Schwartzman returns a shot against Nadal of Spain at the 2019 U.S. Open. (Photo by Justin Heiman/Getty Images)
NEW YORK, NEW YORK - SEPTEMBER 04: Diego Schwartzman of Argentina returns a shot during his Men's Singles quarterfinal match against Rafael Nadal of Spain on day ten of the 2019 US Open at the USTA Billie Jean King National Tennis Center on September 04, 2019 in the Queens borough of New York City. (Photo by Justin Heiman/Getty Images)

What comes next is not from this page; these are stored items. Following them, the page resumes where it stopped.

lemma L2H_add [simp, intro]:
  assumes "a \<in> L2H M" "b \<in> L2H M"
  shows "(\<lambda>x. a x + b x) \<in> L2H M"
proof -
  have "(\<lambda>x. (norm (a x + b x))^2) = (\<lambda>x. inner (a x) (a x) + 2 * inner (a x) (b x) + inner (b x) (b x))"
    by (auto simp: power2_norm_eq_inner inner_add_left inner_add_right inner_commute)
  moreover have "integrable M \<dots>"
    using assms by (intro Bochner_Integration.integrable_add integrable_mult_right L2H_inner_integrable)
  ultimately show ?thesis
    using assms unfolding L2H_def by auto
qed

lemma L2H_scaleR [simp, intro]:
  assumes "a \<in> L2H M"
  shows "(\<lambda>x. r *\<^sub>R a x) \<in> L2H M"
proof -
  have "(\<lambda>x. (norm (r *\<^sub>R a x))^2) = (\<lambda>x. r^2 * (norm (a x))^2)"
    by (auto simp: power_mult_distrib)
  then show ?thesis
    using assms unfolding L2H_def by auto
qed

lemma L2H_diff [simp, intro]:
  assumes "a \<in> L2H M" "b \<in> L2H M"
  shows "(\<lambda>x. a x - b x) \<in> L2H M"
  using L2H_add[OF assms(1) L2H_scaleR[OF assms(2), of "-1"]] by simp

lemma innerH_commute: "innerH M a b = innerH M b a"
  unfolding innerH_def by (simp add: inner_commute)

lemma innerH_add_left [simp]:
  "a \<in> L2H M \<Longrightarrow> b \<in> L2H M \<Longrightarrow> c \<in> L2H M \<Longrightarrow>
    innerH M (\<lambda>x. a x + b x) c = innerH M a c + innerH M b c"
  unfolding innerH_def by (simp add: inner_add_left L2H_inner_integrable)

lemma innerH_add_right [simp]:
  "a \<in> L2H M \<Longrightarrow> b \<in> L2H M \<Longrightarrow> c \<in> L2H M \<Longrightarrow>
    innerH M c (\<lambda>x. a x + b x) = innerH M c a + innerH M c b"
  unfolding innerH_def by (simp add: inner_add_right L2H_inner_integrable)

lemma innerH_diff_left [simp]:
  "a \<in> L2H M \<Longrightarrow> b \<in> L2H M \<Longrightarrow> c \<in> L2H M \<Longrightarrow>
    innerH M (\<lambda>x. a x - b x) c = innerH M a c - innerH M b c"
  unfolding innerH_def by (simp add: inner_diff_left L2H_inner_integrable)

lemma innerH_diff_right [simp]:
  "a \<in> L2H M \<Longrightarrow> b \<in> L2H M \<Longrightarrow> c \<in> L2H M \<Longrightarrow>
    innerH M c (\<lambda>x. a x - b x) = innerH M c a - innerH M c b"
  unfolding innerH_def by (simp add: inner_diff_right L2H_inner_integrable)

lemma innerH_scaleR_left [simp]: "innerH M (\<lambda>x. r *\<^sub>R a x) c = r * innerH M a c"
  unfolding innerH_def by simp

lemma innerH_scaleR_right [simp]: "innerH M c (\<lambda>x. r *\<^sub>R a x) = r * innerH M c a"
  unfolding innerH_def by simp

lemma innerH_self_nonneg: "0 \<le> innerH M a a"
  unfolding innerH_def by simp

lemma normH_nonneg: "0 \<le> normH M a"
  unfolding normH_def by simp

lemma normH_power2: "(normH M a)^2 = innerH M a a"
  unfolding normH_def innerH_def by (simp add: power2_norm_eq_inner)

lemma distH_power2: "(distH M a b)^2 = innerH M (\<lambda>x. a x - b x) (\<lambda>x. a x - b x)"
  unfolding distH_def by (rule normH_power2)

lemma distH_commute: "distH M a b = distH M b a"
  unfolding distH_def normH_def by (simp add: norm_minus_commute)

lemma normH_scaleR: "normH M (\<lambda>x. r *\<^sub>R a x) = \<bar>r\<bar> * normH M a"
  unfolding normH_def by (simp add: power_mult_distrib real_sqrt_mult)

text \<open>Elements of L2H are functions rather than a.e.-classes, so innerH M v v = 0 does
  not give v = 0; this is the substitute.\<close>

lemma innerH_eq_0_if_self_eq_0:
  assumes "innerH M v v = 0" "v \<in> L2H M" "w \<in> L2H M"
  shows "innerH M v w = 0"
proof -
  define p where "p = innerH M v w"
  define q where "q = innerH M w w"
  define r where "r = - p / (q + 1)"
  have q: "0 \<le> q" unfolding q_def by (rule innerH_self_nonneg)
  then have rq: "r * (q + 1) = - p" unfolding r_def by simp
  have "0 \<le> innerH M (\<lambda>x. v x + r *\<^sub>R w x) (\<lambda>x. v x + r *\<^sub>R w x)"
    by (rule innerH_self_nonneg)
  also have "\<dots> = 2 * r * p + r^2 * q"
    using assms unfolding p_def q_def
    by (simp add: innerH_commute[of M w v]) (simp add: power2_eq_square algebra_simps)
  finally have "0 \<le> (2 * r * p + r^2 * q) * (q + 1)^2" by simp
  also have "\<dots> = 2 * p * (r * (q + 1)) * (q + 1) + (r * (q + 1))^2 * q"
    by (simp add: power2_eq_square algebra_simps)
  also have "\<dots> = - (p^2 * (q + 2))"
    unfolding rq by (simp add: power2_eq_square algebra_simps)
  finally have "p^2 * (q + 2) \<le> 0" by simp
  then show ?thesis
    using q unfolding p_def by (simp add: mult_le_0_iff)
qed

section \<open>Convexity and Frechet gradients\<close>

lemma frechet_gradH_L2H: "frechet_gradH M F G \<Longrightarrow> \<xi> \<in> L2H M \<Longrightarrow> G \<xi> \<in> L2H M"
  unfolding frechet_gradH_def by auto

lemma frechet_gradH_along_line:
  assumes fg: "frechet_gradH M F G" and \<xi>: "\<xi> \<in> L2H M" and h: "h \<in> L2H M"
    and "\<epsilon> > 0" and "s\<^sub>0 > 0"
  obtains s where "0 < s" "s \<le> s\<^sub>0"
    "\<bar>F (\<lambda>x. \<xi> x + s *\<^sub>R h x) - F \<xi> - s * innerH M (G \<xi>) h\<bar> \<le> s * \<epsilon>"
proof -
  define nh where "nh = normH M h"
  have nh: "0 \<le> nh" unfolding nh_def by (rule normH_nonneg)
  obtain \<delta> where "\<delta> > 0" and \<delta>: "\<And>\<zeta>. \<zeta> \<in> L2H M \<Longrightarrow> distH M \<zeta> \<xi> < \<delta> \<Longrightarrow>
      \<bar>F \<zeta> - F \<xi> - innerH M (G \<xi>) (\<lambda>x. \<zeta> x - \<xi> x)\<bar> \<le> \<epsilon> / (nh + 1) * distH M \<zeta> \<xi>"
    using fg \<xi> \<open>\<epsilon> > 0\<close> nh unfolding frechet_gradH_def by (metis add_nonneg_pos zero_less_divide_iff zero_less_one)
  define s where "s = min s\<^sub>0 (\<delta> / (nh + 1))"
  have s: "0 < s" "s \<le> s\<^sub>0" using \<open>\<delta> > 0\<close> \<open>s\<^sub>0 > 0\<close> nh unfolding s_def by auto
  have step: "(\<lambda>x. \<xi> x + s *\<^sub>R h x - \<xi> x) = (\<lambda>x. s *\<^sub>R h x)" by simp
  have dist: "distH M (\<lambda>x. \<xi> x + s *\<^sub>R h x) \<xi> = s * nh"
    unfolding distH_def step normH_scaleR nh_def using s by simp
  have "s * nh \<le> \<delta> / (nh + 1) * nh" using s nh unfolding s_def by (intro mult_right_mono) auto
  also have "\<dots> < \<delta>" using \<open>\<delta> > 0\<close> nh by (simp add: field_simps)
  finally have "\<bar>F (\<lambda>x. \<xi> x + s *\<^sub>R h x) - F \<xi> - s * innerH M (G \<xi>) h\<bar> \<le> \<epsilon> / (nh + 1) * (s * nh)"
    using \<delta>[of "\<lambda>x. \<xi> x + s *\<^sub>R h x"] \<xi> h dist by (simp add: step)
  also have "\<dots> \<le> s * \<epsilon>"
    using s nh \<open>\<epsilon> > 0\<close> by (simp add: field_simps)
  finally show ?thesis using that s by blast
qed

lemma lambda_convexH_gradient_ineq:
  assumes fg: "frechet_gradH M F G" and cv: "lambda_convexH M lam F" and "lam \<ge> 0"
    and \<xi>: "\<xi> \<in> L2H M" and \<zeta>: "\<zeta> \<in> L2H M"
  shows "F \<xi> + innerH M (G \<xi>) \<zeta> - innerH M (G \<xi>) \<xi> \<le> F \<zeta>"
proof (rule field_le_epsilon)
  fix \<epsilon> :: real assume "\<epsilon> > 0"
  define h where "h = (\<lambda>x. \<zeta> x - \<xi> x)"
  have h: "h \<in> L2H M" unfolding h_def using \<xi> \<zeta> by simp
  obtain s where s: "0 < s" "s \<le> 1"
    and lin: "\<bar>F (\<lambda>x. \<xi> x + s *\<^sub>R h x) - F \<xi> - s * innerH M (G \<xi>) h\<bar> \<le> s * \<epsilon>"
    using frechet_gradH_along_line[OF fg \<xi> h \<open>\<epsilon> > 0\<close>, of 1] by auto
  have seg: "(\<lambda>x. \<xi> x + s *\<^sub>R h x) = (\<lambda>x. (1 - s) *\<^sub>R \<xi> x + s *\<^sub>R \<zeta> x)"
    unfolding h_def by (simp add: algebra_simps)
  have "F (\<lambda>x. \<xi> x + s *\<^sub>R h x) \<le> (1 - s) * F \<xi> + s * F \<zeta> - lam / 2 * s * (1 - s) * (distH M \<xi> \<zeta>)^2"
    using cv \<xi> \<zeta> s unfolding lambda_convexH_def seg by auto
  also have "\<dots> \<le> (1 - s) * F \<xi> + s * F \<zeta>"
    using \<open>lam \<ge> 0\<close> s by simp
  finally have "s * (F \<xi> + innerH M (G \<xi>) h) \<le> s * (F \<zeta> + \<epsilon>)"
    using lin by (simp add: algebra_simps)
  then show "F \<xi> + innerH M (G \<xi>) \<zeta> - innerH M (G \<xi>) \<xi> \<le> F \<zeta> + \<epsilon>"
    using s fg \<xi> \<zeta> unfolding h_def by (simp add: frechet_gradH_L2H)
qed

section \<open>The trapezoidal scheme\<close>

lemma trap_scheme_L2H: "trap_scheme M F G \<tau> X \<Longrightarrow> X n \<in> L2H M"
  unfolding trap_scheme_def by (cases n) auto

text \<open>v is the gradient of the functional minimised by X (Suc n), so moving the minimiser by
  -s v changes that functional by -s innerH M v v + O(s^2) + o(s).\<close>

lemma trap_scheme_objective_along_residual:
  fixes n :: nat and s :: real
  assumes fg: "frechet_gradH M F G" and ts: "trap_scheme M F G \<tau> X" and "\<tau> > 0"
  defines "v \<equiv> \<lambda>x. (1/2) *\<^sub>R G (X (Suc n)) x + (1/2) *\<^sub>R G (X n) x + (1/\<tau>) *\<^sub>R (X (Suc n) x - X n x)"
  shows "s * innerH M v v - s^2 / (2 * \<tau>) * innerH M v v
    \<le> (F (\<lambda>x. X (Suc n) x - s *\<^sub>R v x) - F (X (Suc n)) + s * innerH M (G (X (Suc n))) v) / 2"
proof -
  define x\<^sub>0 x\<^sub>1 g\<^sub>0 g\<^sub>1
    where iterates: "x\<^sub>0 = X n" "x\<^sub>1 = X (Suc n)" "g\<^sub>0 = G (X n)" "g\<^sub>1 = G (X (Suc n))"
  define u z N where "u = (\<lambda>x. x\<^sub>1 x - x\<^sub>0 x)" "z = (\<lambda>x. x\<^sub>1 x - s *\<^sub>R v x)" "N = innerH M v v"
  have L2H: "x\<^sub>0 \<in> L2H M" "x\<^sub>1 \<in> L2H M" "g\<^sub>0 \<in> L2H M" "g\<^sub>1 \<in> L2H M" "u \<in> L2H M" "v \<in> L2H M"
    "z \<in> L2H M"
    using trap_scheme_L2H[OF ts] frechet_gradH_L2H[OF fg]
    unfolding iterates u_z_N_def v_def by simp_all
  have N: "N = innerH M g\<^sub>1 v / 2 + innerH M g\<^sub>0 v / 2 + innerH M u v / \<tau>"
    using L2H unfolding u_z_N_def v_def iterates by simp
  have min: "F x\<^sub>1 / 2 + innerH M g\<^sub>0 x\<^sub>1 / 2 + (distH M x\<^sub>1 x\<^sub>0)^2 / (2 * \<tau>)
         \<le> F z / 2 + innerH M g\<^sub>0 z / 2 + (distH M z x\<^sub>0)^2 / (2 * \<tau>)"
    using ts L2H(7) unfolding trap_scheme_def iterates by blast
  have g\<^sub>0z: "innerH M g\<^sub>0 z = innerH M g\<^sub>0 x\<^sub>1 - s * innerH M g\<^sub>0 v"
    unfolding u_z_N_def using L2H by simp
  have "(distH M z x\<^sub>0)^2 - (distH M x\<^sub>1 x\<^sub>0)^2 = s * (s * N - 2 * innerH M u v)"
  proof -
    have "(\<lambda>x. z x - x\<^sub>0 x) = (\<lambda>x. u x - s *\<^sub>R v x)" unfolding u_z_N_def by auto
    then show ?thesis
      unfolding distH_power2 u_z_N_def(3) using L2H
      by (simp add: innerH_commute[of M v u] u_z_N_def(1)[symmetric])
        (simp add: power2_eq_square algebra_simps)
  qed
  then have dist: "(distH M z x\<^sub>0)^2 / (2 * \<tau>) - (distH M x\<^sub>1 x\<^sub>0)^2 / (2 * \<tau>)
      = s * (s * N - 2 * innerH M u v) / (2 * \<tau>)"
    by (simp only: diff_divide_distrib[symmetric])
  have "s * N - s^2 / (2 * \<tau>) * N
      = s * (innerH M g\<^sub>1 v / 2 + innerH M g\<^sub>0 v / 2 + innerH M u v / \<tau>) - s^2 / (2 * \<tau>) * N"
    unfolding N[symmetric] ..
  also have "\<dots> = s * innerH M g\<^sub>1 v / 2 - (s * (s * N - 2 * innerH M u v) / (2 * \<tau>)
      - s * innerH M g\<^sub>0 v / 2)"
    using \<open>\<tau> > 0\<close> by (simp add: field_simps power2_eq_square)
  also have "\<dots> \<le> (F z - F x\<^sub>1 + s * innerH M g\<^sub>1 v) / 2"
    using min g\<^sub>0z dist by argo
  finally show ?thesis
    unfolding u_z_N_def iterates .
qed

Having the right tools for the job helps, too. Schwartzman uses a 28-inch long racket, which is a full inch longer than the standard model. He likes the longer frame because it extends his reach and, by increasing torque, allows him to hit even harder. But in terms of offsetting height, equipment can only do so much. It also helps to have preternatural speed, balance, change of direction, and the mindset that comes with having conquered this particular set of disadvantages. “Knowing that you’re smaller, knowing that you can’t afford to give away points, knowing that you have to work harder, it just creates a different kind of character, I think,” Solomon said. “A work ethic and character that’s necessary to stay on top of things.”

Whoever came out on the other end of that strange journey would indeed have to squint at the world differently, to see possibility where there was very little precedent. I sometimes hear the idle questions—what if Diego Schwartzman were 6-foot-2? Wouldn’t he be a multiple-major winner? But I couldn’t be less compelled by the hypothetical. If Diego Schwartzman were 6-foot-2, he would look a lot like half the players on the tour. If he were 6-foot-2, the sport wouldn’t have a one-man counterexample to all its prevailing trends, an athlete who answered every tough question asked of him. They serve big? He’ll return big. They have power? He’ll run up to every ball and smack it just as hard. They get free points? He’ll work for all his. Yes, throw him on a medieval rack, stretch him out to supermodel size, and sure, he’d probably be a decent player—but then tennis wouldn’t have a Diego Schwartzman, and what could be richer about a world like that?